10.23.2005

adult producers of adolescent texts

i've been thinking more and more about who produces the images of youth that we see on television, on videos, in the newspaper, in literary texts, and in the movies (and elsewhere) and am more confused than before. confused by the motivation for some of the portrayals that are circulating, in particular. in the tv and youth course that i'm teaching this semester, someone made the following comment in response to the point that youth ought to be more engaged in how they are represented: "who would want to do that?" this person was referring to the related point that simple characters and flattened representations are what sell to the public at large.

following this discussion, i recalled the show "you can't do that on television" that aired in the early 80s on nickelodeon. i am struck by the memories of adolescent sketch comedy, green slime, and forgetful dialogue. yet i was hooked on this show, as i was to reading and re-reading nancy drew novels, the stack of enid blyton books given to me by my older cousin who grew up in london, and listening to old lp records (including elvis and audio recordings of the "six million dollar man") on my record player. as i recall this pastiche of not-very-critical texts that made up much of my childhood and adolescence, i wonder how i arrived here; that is, a stance of ongoing, critical inquiry.

while writing a paper for a course in grad school, i took to heart what bell hooks (1994) wrote about her relationship with critical thought and theory and noted that while the texts i consumed remained fairly uncritical, the texts i produced - namely, my journals, poetry, and the enacted performance of being - made attempts at raising questions, challenging existing cultural scripts and performing different identities. but what if i had met june jordan's words as a teenager? or written back to the musings of adrienne rich? would i have come into a critical consciousness earlier? and if so, what would have been different?
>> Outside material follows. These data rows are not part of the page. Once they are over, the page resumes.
lemma products_fixed_by_identity:
  fixes \<phi> :: "'a::semigroup_mult \<Rightarrow> 'a"
  assumes "inj \<phi>" and perm: "\<sigma> permutes {..<n}"
    and identity: "\<And>(x0::'a) xs. length xs = n \<Longrightarrow>
      foldl (*) x0 xs = \<phi> (foldl (*) x0 (permute_list \<sigma> xs))"
    and \<phi>_mult: "\<And>u v. \<phi> u * v = \<phi> (u * v)"
    and "z \<in> products (4 * n)"
  shows "z = \<phi> z"
proof -
  have "1 \<le> n" using products_index_ge_one[OF assms(5)] by simp
  have "z \<in> products ((n + n) + 2 * n)" using assms(5) by simp
  then obtain w y where w: "w \<in> products (n + n)" and y: "y \<in> products (2 * n)"
    and z: "z = w * y"
    by (rule products_addE) (use \<open>1 \<le> n\<close> in simp_all)
  obtain x M where x: "x \<in> products n" and M: "length M = n" and w_eq: "w = foldl (*) x M"
    by (rule products_add_foldlE[OF w]) (use \<open>1 \<le> n\<close> in simp)
  have "z = \<phi> (foldl (*) x (permute_list \<sigma> M) * y)"
    unfolding z w_eq identity[OF M] \<phi>_mult ..
  also have "\<dots> = \<phi> z"
    using foldl_permute_list_mult_eq[OF assms(1) perm identity x y M] z w_eq by simp
  finally show ?thesis .
qed

lemma algebra_over_smult_zero_left:
  assumes "algebra_over smult"
  shows "smult 0 x = 0"
proof -
  have "smult (0 + 0) x = smult 0 x + smult 0 x"
    using assms unfolding algebra_over_def by blast
  then show ?thesis by simp
qed

lemma algebra_over_smult_zero_right:
  assumes "algebra_over smult"
  shows "smult c 0 = 0"
proof -
  have "smult c (0 + 0) = smult c 0 + smult c 0"
    using assms unfolding algebra_over_def by blast
  then show ?thesis by simp
qed

lemma algebra_over_smult_mult_left: "algebra_over smult \<Longrightarrow> smult c x * y = smult c (x * y)"
  unfolding algebra_over_def by simp

lemma algebra_over_mult_smult_right: "algebra_over smult \<Longrightarrow> x * smult c y = smult c (x * y)"
  unfolding algebra_over_def by metis

lemma algebra_over_inj_smult:
  assumes "algebra_over smult" "c \<noteq> 0"
  shows "inj (smult c)"
proof (rule inj_on_inverseI)
  show "smult (inverse c) (smult c x) = x" for x
    using assms unfolding algebra_over_def by simp
qed

lemma algebra_over_eq_zero_if_smult_eq:
  assumes alg: "algebra_over smult" and "q \<noteq> 1" and fixed: "x = smult q x"
  shows "x = 0"
proof -
  have "smult ((1 - q) + q) x = smult (1 - q) x + smult q x" and one: "smult 1 x = x"
    using alg unfolding algebra_over_def by blast+
  then have "smult (1 - q) x = 0"
    using fixed[symmetric] by simp
  then have "smult (inverse (1 - q) * (1 - q)) x = 0"
    using alg algebra_over_smult_zero_right[OF alg] unfolding algebra_over_def by metis
  moreover have "inverse (1 - q) * (1 - q) = 1"
    using \<open>q \<noteq> 1\<close> by simp
  ultimately show ?thesis using one by simp
qed

lemma prodn_Suc_eq_foldl: "prodn f (Suc k) = foldl (*) (f 0) (map f [1..<Suc k])"
  by (induction k) simp_all

lemma prodn_in_products:
  assumes "1 \<le> k"
  shows "prodn f k \<in> products k"
proof -
  have "prodn f k = foldl (*) (f 0) (map f [1..<k])" "Suc (length (map f [1..<k])) = k"
    using prodn_Suc_eq_foldl[of f "k - 1"] assms by simp_all
  then show ?thesis unfolding products_def by blast
qed

lemma mult_prodn_eq_foldl: "x0 * prodn f (Suc k) = foldl (*) x0 (map f [0..<Suc k])"
  by (simp add: prodn_Suc_eq_foldl mult_foldl upt_conv_Cons del: upt_Suc)

lemma foldl_eq_smult_foldl_permute_list:
  assumes alg: "algebra_over smult" and "n \<ge> 1"
    and identity: "\<forall>a :: nat \<Rightarrow> 'a. prodn a n = smult q (prodn (\<lambda>i. a (\<sigma> i)) n)"
    and "length xs = n"
  shows "foldl (*) x0 xs = smult q (foldl (*) x0 (permute_list \<sigma> (xs :: 'a::ring list)))"
proof -
  obtain k where n: "n = Suc k" using \<open>n \<ge> 1\<close> by (cases n) auto
  have expand: "x0 * prodn f n = foldl (*) x0 (map f [0..<n])" for f :: "nat \<Rightarrow> 'a"
    unfolding n by (rule mult_prodn_eq_foldl)
  have "foldl (*) x0 xs = x0 * prodn (nth xs) n"
    using expand map_nth[of xs] assms(4) by simp
  also have "\<dots> = x0 * smult q (prodn (\<lambda>i. xs ! \<sigma> i) n)"
    using identity[rule_format, of "nth xs"] by simp
  also have "\<dots> = smult q (x0 * prodn (\<lambda>i. xs ! \<sigma> i) n)"
    by (rule algebra_over_mult_smult_right[OF alg])
  also have "\<dots> = smult q (foldl (*) x0 (permute_list \<sigma> xs))"
    using expand assms(4) by (simp add: permute_list_def)
  finally show ?thesis .
qed

theorem theorem4p4:
  fixes smult :: "'f::field \<Rightarrow> 'a::ring \<Rightarrow> 'a"
    and n :: nat and \<sigma> :: "nat \<Rightarrow> nat" and q :: 'f
  assumes "algebra_over smult"
    and "n \<ge> 1"
    and "\<sigma> permutes {..<n}"
    and "q \<noteq> 1"
    and "\<forall>a :: nat \<Rightarrow> 'a. prodn a n = smult q (prodn (\<lambda>i. a (\<sigma> i)) n)"
  shows "\<exists>m \<ge> 1. \<forall>a :: nat \<Rightarrow> 'a. prodn a m = 0"
proof (cases "q = 0")
  case True
  then have "prodn a n = 0" for a :: "nat \<Rightarrow> 'a"
    using assms(5)[rule_format, of a] algebra_over_smult_zero_left[OF assms(1)] by simp
  with assms(2) show ?thesis by blast
next
  case False
  have "prodn a (4 * n) = 0" for a :: "nat \<Rightarrow> 'a"
  proof (rule algebra_over_eq_zero_if_smult_eq[OF assms(1,4)])
    show "prodn a (4 * n) = smult q (prodn a (4 * n))"
    proof (rule products_fixed_by_identity[OF _ assms(3)
          foldl_eq_smult_foldl_permute_list[OF assms(1,2,5)]])
      show "inj (smult q)" using algebra_over_inj_smult[OF assms(1) False] .
      show "smult q u * v = smult q (u * v)" for u v
        using algebra_over_smult_mult_left[OF assms(1)] .
      show "prodn a (4 * n) \<in> products (4 * n)"
        using prodn_in_products[of "4 * n"] assms(2) by simp
    qed
  qed
  with assms(2) show ?thesis by (intro exI[of _ "4 * n"]) simp
qed

end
when i hear some adults talk about youth today i wonder if we expect too little of youth as we assume that they need to be taught how to be critical? that is, what if assumed that youth are developing a critical consciousness in various aspects of their lives? would we ask different questions in our literature, social studies, mathematics classes? would the space of education shift more toward the possibility of with? how would the scripts of youth be different if adults took seriously the notion that youth are collaborators in the pursuit of a more just, and socially conscious world?